Biomarkers are molecular substances in the body that can be used to indicate health or disease. These biomarkers can be found in tissue, blood, urine and other body fluids. Prostate and ovarian cancers are two examples of how the use of biomarkers can lead to individualized diagnosis and treatment.
A third example is lung cancer. The Biomarker Discovery Program has developed a new test for patients who present with more than one lung tumor. The test can identify biomarkers to determine whether their molecular origin are two separate tumors or related malignancies, which is critical when choosing appropriate treatment.
In the U.S. and worldwide, lung cancer causes more deaths than any other type of cancer. Lung cancer is not usually a single tumor type but rather is composed of a number of different subtypes, each with its challenges in diagnosis, predicting behavior, and response to treatment.
“We want to be able to look at the cancer cells of this patient and help the physicians make a more informed decision, how they should treat the patient, if they should treat the patient or how aggressively they should treat them,” says George Vasmatzis, Ph.D., co-director of Mayo Clinic’s Biomarker Discovery Program.
The lung cancer study by Mayo Clinic researchers was recently published in the Journal of Clinical Oncology and addresses the question of whether multiple lesions in lung cancer patients represent true metastasis or independent primary lesions. The distinction is a difficult clinical problem with significant implications.
Using next-generation DNA sequencing, researchers developed a chromosomal rearrangement–based test to differentiate multiple primary tumors from metastasis. This critical distinction typically represents the difference between aggressive local therapy for patients deemed to have independent primary tumors versus less aggressive, or even palliative systemic, therapy for patients thought to have metastatic disease — diagnosed when the tumor cells are interrelated, developed from a common lineage, and spread secondary malignant growths beyond the primary tumor.
Current methods for determining independent primary tumors from metastasis are largely based on provider-specific clinical and/or pathologic assumptions. There are presently no ancillary tests that allow this distinction to be made with any reasonable clinical accuracy.
“Pathology review is the current gold standard,” says Stephen Murphy, Ph.D., a research scientist in the Mayo Clinic Center for Individualized Medicine, and co-first author on the paper. “When a patient presents with distal pulmonary nodules, biopsies from each nodule are reviewed by pathologists who assess relatedness through the presence or absence of common histological features. However, pathologists often disagree with contrasting calls in maybe twenty percent of cases.”
For this study, tumor specimens from patients with known independent primary tumors and metastatic lesions were used for lineage test development, which was then applied to multifocal lung tumors. Laser capture microdissection (LCM) was performed separately for each tumor.
“However, in the final test version, most tumors will have high enough tumor volumes to perform the test directly on bulk extracted tissues without LCM.” says Dr. Murphy.
Eliminating LCM from the final version will make the test less costly and more user-friendly for clinicians.
Genomic DNA was amplified directly from captured cells using methodology developed in the research group, and next-generation sequencing was performed using the Illumina Mate Pair protocol. A total of 41 tumor samples were sequenced, with a range of three to 276 breakpoints per tumor identified.

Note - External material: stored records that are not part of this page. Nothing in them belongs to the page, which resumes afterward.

lemma Derivs_tau_sorted:
  "Derivs w {v. tau_sorted b v} = (if tau_sorted b w then {v. tau_sorted (tauB_seen b w) v} else {})"
  by (auto simp: Derivs_def tau_sorted_append)

lemma finite_range_Derivs_tau_sorted: "finite (range (\<lambda>w. Derivs w {v. tau_sorted b v}))"
proof -
  have "range (\<lambda>w. Derivs w {v. tau_sorted b v}) \<subseteq> insert {} (range (\<lambda>c. {v. tau_sorted c v}))"
    by (auto simp: Derivs_tau_sorted)
  then show ?thesis
    by (rule finite_subset) simp
qed

definition blocks_over :: "'x set \<Rightarrow> 'x set \<Rightarrow> ('x list \<times> 'x) list \<Rightarrow> 'x list \<Rightarrow> bool" where
  "blocks_over T X ps u \<longleftrightarrow> (\<forall>(uk, x) \<in> set ps. set uk \<subseteq> T \<and> x \<in> X) \<and> set u \<subseteq> T"

lemma blocks_over_simps [simp]:
  "blocks_over T X [] u \<longleftrightarrow> set u \<subseteq> T"
  "blocks_over T X ((uk, x) # ps) u \<longleftrightarrow> set uk \<subseteq> T \<and> x \<in> X \<and> blocks_over T X ps u"
  by (auto simp: blocks_over_def)

lemma segre_product_eq_segre_words:
  "segre_product TA AA LA TB BB LB =
     {segre_word ps u qs v | ps u qs v. length ps = length qs \<and>
        blocks_over TA AA ps u \<and> blocks_over TB BB qs v \<and> weave ps u \<in> LA \<and> weave qs v \<in> LB}"
  unfolding segre_product_def blocks_over_def by blast

lemma segre_word_Nil [simp]: "segre_word [] u [] v = map TauA u @ map TauB v"
  by (simp add: segre_word_def)

lemma segre_word_Cons [simp]:
  "segre_word ((uk, x) # ps) u ((vk, y) # qs) v =
     map TauA uk @ map TauB vk @ Gamma x y # segre_word ps u qs v"
  by (simp add: segre_word_def)

lemma weave_Nil [simp]: "weave [] u = u"
  by (simp add: weave_def)

lemma weave_Cons [simp]: "weave ((uk, x) # ps) u = uk @ x # weave ps u"
  by (simp add: weave_def)

lemma tau_sorted_map_TauA [simp]: "tau_sorted False (map TauA u)"
  by (induction u) auto

lemma tauB_seen_map_TauA [simp]: "tauB_seen False (map TauA u) = False"
  by (induction u) auto

lemma tau_sorted_map_TauB [simp]: "tau_sorted b (map TauB v)"
  by (induction v arbitrary: b) auto

lemma segre_word_properties:
  assumes "length ps = length qs"
  shows "segre_projA (segre_word ps u qs v) = weave ps u"
    and "segre_projB (segre_word ps u qs v) = weave qs v"
    and "tau_sorted False (segre_word ps u qs v)"
  using assms
  by (induction ps qs rule: list_induct2)
    (auto simp: segre_projA_def segre_projB_def tau_sorted_append comp_def)

lemma segre_word_in_lists:
  assumes "length ps = length qs" "blocks_over TA AA ps u" "blocks_over TB BB qs v"
  shows "segre_word ps u qs v \<in> lists (segre_alphabet TA AA TB BB)"
  using assms by (induction ps qs rule: list_induct2) (auto simp: subset_iff)

lemma tau_sorted_True_map_TauA_append:
  "tau_sorted True (map TauA u @ w) \<longleftrightarrow> u = [] \<and> tau_sorted True w"
  by (cases u) auto

lemma TauA_Cons_segre_word:
  assumes "length ps = length qs" "blocks_over TA AA ps u" "x \<in> TA"
  obtains ps' u' where "length ps' = length qs" "blocks_over TA AA ps' u'"
    "TauA x # segre_word ps u qs v = segre_word ps' u' qs v"
proof (cases ps)
  case Nil
  with assms that[of "[]" "x # u"] show ?thesis by simp
next
  case (Cons p ps'')
  with assms obtain uk a q qs'' where "ps = (uk, a) # ps''" "qs = q # qs''"
    by (cases p, cases qs) auto
  with assms that[of "(x # uk, a) # ps''" u] show ?thesis by (cases q) auto
qed

lemma TauB_Cons_segre_word:
  assumes "length ps = length qs" "blocks_over TB BB qs v" "y \<in> TB"
    and "tau_sorted True (segre_word ps u qs v)"
  obtains qs' v' where "length ps = length qs'" "blocks_over TB BB qs' v'"
    "TauB y # segre_word ps u qs v = segre_word ps u qs' v'"
proof (cases qs)
  case Nil
  with assms have "ps = []" "u = []"
    by (auto simp: tau_sorted_True_map_TauA_append)
  with Nil assms that[of "[]" "y # v"] show ?thesis by simp
next
  case (Cons q qs'')
  with assms obtain vk b p ps'' where "qs = (vk, b) # qs''" "ps = p # ps''"
    by (cases q, cases ps) auto
  moreover obtain uk a where "p = (uk, a)" by (cases p)
  moreover from calculation assms have "uk = []"
    by (simp add: tau_sorted_True_map_TauA_append)
  ultimately show ?thesis
    using assms that[of "(y # vk, b) # qs''" v] by auto
qed

lemma segre_word_decomposition:
  assumes "w \<in> lists (segre_alphabet TA AA TB BB)" "tau_sorted b w"
  shows "\<exists>ps u qs v. length ps = length qs \<and> blocks_over TA AA ps u \<and> blocks_over TB BB qs v
           \<and> w = segre_word ps u qs v"
  using assms
proof (induction w arbitrary: b)
  case Nil
  show ?case by (intro exI[of _ "[]"]) simp
next
  case (Cons c w)
  show ?case
  proof (cases c)
    case (TauA x)
    with Cons have "x \<in> TA" "tau_sorted False w" by auto
    from Cons.IH[OF \<open>tau_sorted False w\<close>] obtain ps u qs v where
      "length ps = length qs" "blocks_over TA AA ps u" "blocks_over TB BB qs v" "w = segre_word ps u qs v"
      by blast
    with TauA \<open>x \<in> TA\<close> show ?thesis
      by (metis TauA_Cons_segre_word)
  next
    case (TauB y)
    with Cons have "y \<in> TB" "tau_sorted True w" by auto
    from Cons.IH[OF \<open>tau_sorted True w\<close>] obtain ps u qs v where
      "length ps = length qs" "blocks_over TA AA ps u" "blocks_over TB BB qs v" "w = segre_word ps u qs v"
      by blast
    with TauB \<open>y \<in> TB\<close> \<open>tau_sorted True w\<close> show ?thesis
      by (metis TauB_Cons_segre_word)
  next
    case (Gamma x y)
    with Cons have "x \<in> AA" "y \<in> BB" "tau_sorted False w" by auto
    from Cons.IH[OF \<open>tau_sorted False w\<close>] obtain ps u qs v where
      "length ps = length qs" "blocks_over TA AA ps u" "blocks_over TB BB qs v" "w = segre_word ps u qs v"
      by blast
    with Gamma \<open>x \<in> AA\<close> \<open>y \<in> BB\<close> show ?thesis
      by (intro exI[of _ "([], x) # ps"] exI[of _ u] exI[of _ "([], y) # qs"] exI[of _ v]) auto
  qed
qed
lemma ginv_comp_mem_wide_subgroupoid_swap:
  assumes "wide_subgroupoid C H" "y \<in> gmor C" "g \<in> gmor C" "gcod C y = gcod C g"
  shows "ginv C y \<cdot> g \<in> H \<longleftrightarrow> ginv C g \<cdot> y \<in> H"
proof -
  have "ginv C (ginv C y \<cdot> g) = ginv C g \<cdot> y"
    using assms by (simp add: ginv_of_comp)
  then show ?thesis
    using assms wide_subgroupoid_ginv_iff[of H "ginv C y \<cdot> g"] by simp
qed

lemma image_comp_wide_subgroupoid:
  assumes "wide_subgroupoid C H" "g \<in> gmor C"
  shows "(\<lambda>h. g \<cdot> h) ` (H \<inter> mor_to (gdom C g)) = {y \<in> mor_to (gcod C g). ginv C g \<cdot> y \<in> H}"
proof (intro equalityI subsetI)
  fix y assume "y \<in> (\<lambda>h. g \<cdot> h) ` (H \<inter> mor_to (gdom C g))"
  then obtain h where "h \<in> H" "h \<in> mor_to (gdom C g)" "y = g \<cdot> h"
    by blast
  then show "y \<in> {y \<in> mor_to (gcod C g). ginv C g \<cdot> y \<in> H}"
    using assms by simp
next
  fix y assume "y \<in> {y \<in> mor_to (gcod C g). ginv C g \<cdot> y \<in> H}"
  then have "ginv C g \<cdot> y \<in> H \<inter> mor_to (gdom C g)" "y = g \<cdot> (ginv C g \<cdot> y)"
    using assms by simp_all
  then show "y \<in> (\<lambda>h. g \<cdot> h) ` (H \<inter> mor_to (gdom C g))"
    by blast
qed

lemma card_wide_subgroupoid_mor_to:
  assumes "wide_subgroupoid C H" "h \<in> H"
  shows "card (H \<inter> mor_to (gcod C h)) = card (H \<inter> mor_to (gdom C h))"
proof -
  have h: "h \<in> gmor C"
    using assms wide_subgroupoid_mor by blast
  have "H \<inter> mor_to (gcod C h) = {y \<in> mor_to (gcod C h). ginv C h \<cdot> y \<in> H}"
    using assms h wide_subgroupoid_mor wide_subgroupoid_ginv_comp_iff by fastforce
  also have "\<dots> = (\<lambda>y. h \<cdot> y) ` (H \<inter> mor_to (gdom C h))"
    using image_comp_wide_subgroupoid[OF assms(1) h] by simp
  finally show ?thesis
    using card_image[OF inj_on_subset[OF inj_on_comp_mor_to[OF h]], of "H \<inter> mor_to (gdom C h)"]
    by simp
qed

lemma card_wide_subgroupoid_mor_to_pos:
  assumes "wide_subgroupoid C H" "A \<in> gobj C"
  shows "card (H \<inter> mor_to A) > 0"
proof -
  have "gid C A \<in> H \<inter> mor_to A"
    using assms wide_subgroupoid_id by simp
  then show ?thesis
    by (auto simp: card_gt_0_iff)
qed

lemma Yobj_vanishes: "f \<in> Yobj C H G \<Longrightarrow> x \<notin> mor_to G \<Longrightarrow> f x = 0"
  and Yobj_right_invariant:
    "f \<in> Yobj C H G \<Longrightarrow> g \<in> mor_to G \<Longrightarrow> h \<in> H \<Longrightarrow> gdom C g = gcod C h \<Longrightarrow> f (g \<cdot> h) = f g"
  unfolding Yobj_def by auto

lemma Yobj_zero: "(\<lambda>m. 0) \<in> Yobj C H G"
  unfolding Yobj_def by simp

lemma Yobj_lincomb: "f1 \<in> Yobj C H G \<Longrightarrow> f2 \<in> Yobj C H G \<Longrightarrow> (\<lambda>m. a * f1 m + f2 m) \<in> Yobj C H G"
  unfolding Yobj_def by simp

lemma Yobj_sum: "(\<And>y. y \<in> S \<Longrightarrow> e y \<in> Yobj C H G) \<Longrightarrow> (\<lambda>m. \<Sum>y\<in>S. c y * e y m) \<in> Yobj C H G"
  unfolding Yobj_def by simp

lemma Ymor_in_Yobj:
  assumes "wide_subgroupoid C H" "g \<in> gmor C" "f \<in> Yobj C H (gdom C g)"
  shows "Ymor C g f \<in> Yobj C H (gcod C g)"
  unfolding Yobj_def
proof (intro CollectI conjI allI ballI impI)
  fix x assume "\<not> (x \<in> gmor C \<and> gcod C x = gcod C g)"
  then show "Ymor C g f x = 0"
    by (auto simp: Ymor_def)
next
  fix x h assume x: "x \<in> gmor C" "gcod C x = gcod C g" and h: "h \<in> H" "gdom C x = gcod C h"
  have "h \<in> gmor C"
    using assms(1) h wide_subgroupoid_mor by blast
  then have "f (ginv C g \<cdot> (x \<cdot> h)) = f (ginv C g \<cdot> x)"
    using assms x h by (simp add: comp_assoc Yobj_right_invariant)
  then show "Ymor C g f (x \<cdot> h) = Ymor C g f x"
    using x h \<open>h \<in> gmor C\<close> by (simp add: Ymor_def)
qed

definition coset_delta :: "'m set \<Rightarrow> 'o \<Rightarrow> 'm \<Rightarrow> complex"
  where "coset_delta H A m = of_bool (m \<in> H \<inter> mor_to A)"

lemma coset_delta_in_Yobj:
  assumes "wide_subgroupoid C H"
  shows "coset_delta H A \<in> Yobj C H A"
  using assms wide_subgroupoid_comp_right_iff
  unfolding Yobj_def coset_delta_def by (auto simp: wide_subgroupoid_mor)

lemma Ymor_coset_delta_apply:
  assumes "y \<in> gmor C"
  shows "Ymor C y (coset_delta H (gdom C y)) m = of_bool (m \<in> mor_to (gcod C y) \<and> ginv C y \<cdot> m \<in> H)"
  using assms by (auto simp: Ymor_def coset_delta_def)

lemma Ymor_coset_delta:
  assumes "wide_subgroupoid C H" "h \<in> H"
  shows "Ymor C h (coset_delta H (gdom C h)) = coset_delta H (gcod C h)"
proof
  fix m
  have "h \<in> gmor C"
    using assms wide_subgroupoid_mor by blast
  then show "Ymor C h (coset_delta H (gdom C h)) m = coset_delta H (gcod C h) m"
    using assms wide_subgroupoid_ginv_comp_iff
    by (auto simp: Ymor_coset_delta_apply coset_delta_def)
qed

lemma sum_Ymor_coset_delta:
  assumes "wide_subgroupoid C H" "m \<in> gmor C"
  shows "(\<Sum>y\<in>mor_to (gcod C m). F y * Ymor C y (coset_delta H (gdom C y)) m) =
    (\<Sum>h\<in>H \<inter> mor_to (gdom C m). F (m \<cdot> h))"
proof -
  have coset: "mor_to (gcod C m) \<inter> {y. ginv C y \<cdot> m \<in> H} = (\<lambda>h. m \<cdot> h) ` (H \<inter> mor_to (gdom C m))"
    using image_comp_wide_subgroupoid[OF assms] ginv_comp_mem_wide_subgroupoid_swap[OF assms(1) _ assms(2)]
    by auto
  have "(\<Sum>y\<in>mor_to (gcod C m). F y * Ymor C y (coset_delta H (gdom C y)) m) =
      (\<Sum>y\<in>mor_to (gcod C m). F y * of_bool (ginv C y \<cdot> m \<in> H))"
    using assms(2) by (intro sum.cong) (auto simp: Ymor_coset_delta_apply)
  also have "\<dots> = sum F ((\<lambda>h. m \<cdot> h) ` (H \<inter> mor_to (gdom C m)))"
    by (simp add: coset)
  also have "\<dots> = (\<Sum>h\<in>H \<inter> mor_to (gdom C m). F (m \<cdot> h))"
    by (rule sum.reindex[OF inj_on_subset[OF inj_on_comp_mor_to[OF assms(2)]], unfolded comp_def]) auto
  finally show ?thesis .
qed

lemma Yobj_eq_sum_translates:
  assumes "wide_subgroupoid C H" "f \<in> Yobj C H G"
  shows "f = (\<lambda>m. \<Sum>y\<in>mor_to G.
    f y / card (H \<inter> mor_to (gdom C y)) * Ymor C y (coset_delta H (gdom C y)) m)"
proof
  fix m
  let ?c = "\<lambda>y. of_nat (card (H \<inter> mor_to (gdom C y))) :: complex"
  show "f m = (\<Sum>y\<in>mor_to G. f y / ?c y * Ymor C y (coset_delta H (gdom C y)) m)"
  proof (cases "m \<in> mor_to G")
    case False
    moreover have "Ymor C y (coset_delta H (gdom C y)) m = 0" if "y \<in> mor_to G" for y
      using that False by (auto simp: Ymor_coset_delta_apply)
    ultimately show ?thesis
      using assms(2) by (simp add: Yobj_vanishes)
  next
    case True
    then have m: "m \<in> gmor C" "gcod C m = G"
      by simp_all
    have "(\<Sum>y\<in>mor_to G. f y / ?c y * Ymor C y (coset_delta H (gdom C y)) m) =
        (\<Sum>h\<in>H \<inter> mor_to (gdom C m). f (m \<cdot> h) / ?c (m \<cdot> h))"
      unfolding m(2)[symmetric] by (rule sum_Ymor_coset_delta[OF assms(1) m(1)])
    also have "\<dots> = (\<Sum>h\<in>H \<inter> mor_to (gdom C m). f m / ?c m)"
    proof (rule sum.cong)
      fix h assume "h \<in> H \<inter> mor_to (gdom C m)"
      then show "f (m \<cdot> h) / ?c (m \<cdot> h) = f m / ?c m"
        using m assms Yobj_right_invariant card_wide_subgroupoid_mor_to[OF assms(1), of h]
        by (simp add: wide_subgroupoid_mor)
    qed simp
    also have "\<dots> = f m"
      using card_wide_subgroupoid_mor_to_pos[OF assms(1) dom_in_obj[OF m(1)]] by auto
    finally show ?thesis ..
  qed
qed

lemma nat_transD:
  assumes "\<eta> \<in> nat_trans C H K"
  shows nat_trans_outside_obj: "G \<notin> gobj C \<Longrightarrow> \<eta> G f = (\<lambda>m. 0)"
    and nat_trans_outside_Yobj: "G \<in> gobj C \<Longrightarrow> f \<notin> Yobj C H G \<Longrightarrow> \<eta> G f = (\<lambda>m. 0)"
    and nat_trans_in_Yobj: "G \<in> gobj C \<Longrightarrow> f \<in> Yobj C H G \<Longrightarrow> \<eta> G f \<in> Yobj C K G"
    and nat_trans_lincomb: "G \<in> gobj C \<Longrightarrow> f1 \<in> Yobj C H G \<Longrightarrow> f2 \<in> Yobj C H G \<Longrightarrow>
      \<eta> G (\<lambda>m. a * f1 m + f2 m) = (\<lambda>m. a * \<eta> G f1 m + \<eta> G f2 m)"
    and nat_trans_natural: "g \<in> gmor C \<Longrightarrow> f \<in> Yobj C H (gdom C g) \<Longrightarrow>
      \<eta> (gcod C g) (Ymor C g f) = Ymor C g (\<eta> (gdom C g) f)"
  using assms unfolding nat_trans_def by blast+

lemma nat_trans_zero:
  assumes "\<eta> \<in> nat_trans C H K" "G \<in> gobj C"
  shows "\<eta> G (\<lambda>m. 0) = (\<lambda>m. 0)"
proof -
  have "\<eta> G (\<lambda>m. 1 * 0 + 0) = (\<lambda>m. 1 * \<eta> G (\<lambda>m. 0) m + \<eta> G (\<lambda>m. 0) m)"
    using nat_trans_lincomb[OF assms Yobj_zero Yobj_zero] .
  then show ?thesis
    by (simp add: fun_eq_iff)
qed

lemma nat_trans_sum:
  assumes "\<eta> \<in> nat_trans C H K" "G \<in> gobj C" "finite S" "\<And>y. y \<in> S \<Longrightarrow> e y \<in> Yobj C H G"
  shows "\<eta> G (\<lambda>m. \<Sum>y\<in>S. c y * e y m) = (\<lambda>m. \<Sum>y\<in>S. c y * \<eta> G (e y) m)"
  using assms(3,4)
proof (induction S rule: finite_induct)
  case empty
  then show ?case
    using nat_trans_zero[OF assms(1,2)] by simp
next
  case (insert x S)
  then have "\<eta> G (\<lambda>m. c x * e x m + (\<Sum>y\<in>S. c y * e y m)) =
      (\<lambda>m. c x * \<eta> G (e x) m + \<eta> G (\<lambda>m. \<Sum>y\<in>S. c y * e y m) m)"
    by (simp add: nat_trans_lincomb[OF assms(1,2)] Yobj_sum)
  with insert show ?case
    by simp
qed

end

locale two_wide_subgroupoids = finite_groupoid C for C :: "('o, 'm) groupoid" +
  fixes H K :: "'m set"
  assumes wide_H: "wide_subgroupoid C H"
    and wide_K: "wide_subgroupoid C K"
begin

lemma double_coset_fnD:
  assumes "\<phi> \<in> double_coset_fns C H K"
  shows double_coset_fn_vanishes: "m \<notin> gmor C \<Longrightarrow> \<phi> m = 0"
    and double_coset_fn_invariant: "h \<in> H \<Longrightarrow> g \<in> gmor C \<Longrightarrow> k \<in> K \<Longrightarrow>
      gcod C h = gcod C g \<Longrightarrow> gdom C g = gcod C k \<Longrightarrow> \<phi> (ginv C h \<cdot> (g \<cdot> k)) = \<phi> g"
  using assms unfolding double_coset_fns_def by blast+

“Genomic rearrangements are common in lung tumors, and breakpoints are the fusion junctions where chromosomes have shuffled, forming new chromosomal structures,” says Dr. Murphy.
Lung tumors predicted to be independent primary tumors based on different histologic subtypes did not share any somatic genomic rearrangements. In patients with paired primary lung tumors and distant metastases, shared rearrangements were identified in all tumor pairs, emphasizing the tumor specificity of identified breakpoints.
Cases were reviewed independently by two pulmonary pathologists. Concordance between histology and genomic data occurred in the majority of samples. Discrepant tumor samples were resolved by genome sequencing.
Remarkably, the study found that samples, clearly classified as either independent primary tumors or metastases, based on clinical and histologic parameters, can be accurately separated into independent primary tumors and metastases based on genomic data. Most significantly, none of the detected breakpoints were shared between tumors from different patients.
“These breakpoints really are very unique to each tumor,” says Dr. Murphy. “We’ve now sequenced more than 1,500 tumor samples, and we’ve never seen an identical breakpoint in non-related tumors.”
Dr. Murphy and the Mayo Biomarker Discovery research team already foresee wider applications for this test once it’s refined.
“Squamous cell carcinomas frequently manifest concurrently in the head, neck, and lungs of the same patient and are generally indistinguishable using traditional histopathology,” he says. “Additionally, with non-synchronous tumors, this test will aid in determining whether a re-emerging tumor is a metastatic recurrence or a new independent primary. Basically, this test will aid clinicians in defining independence or metastatic disease with any tumor pair.”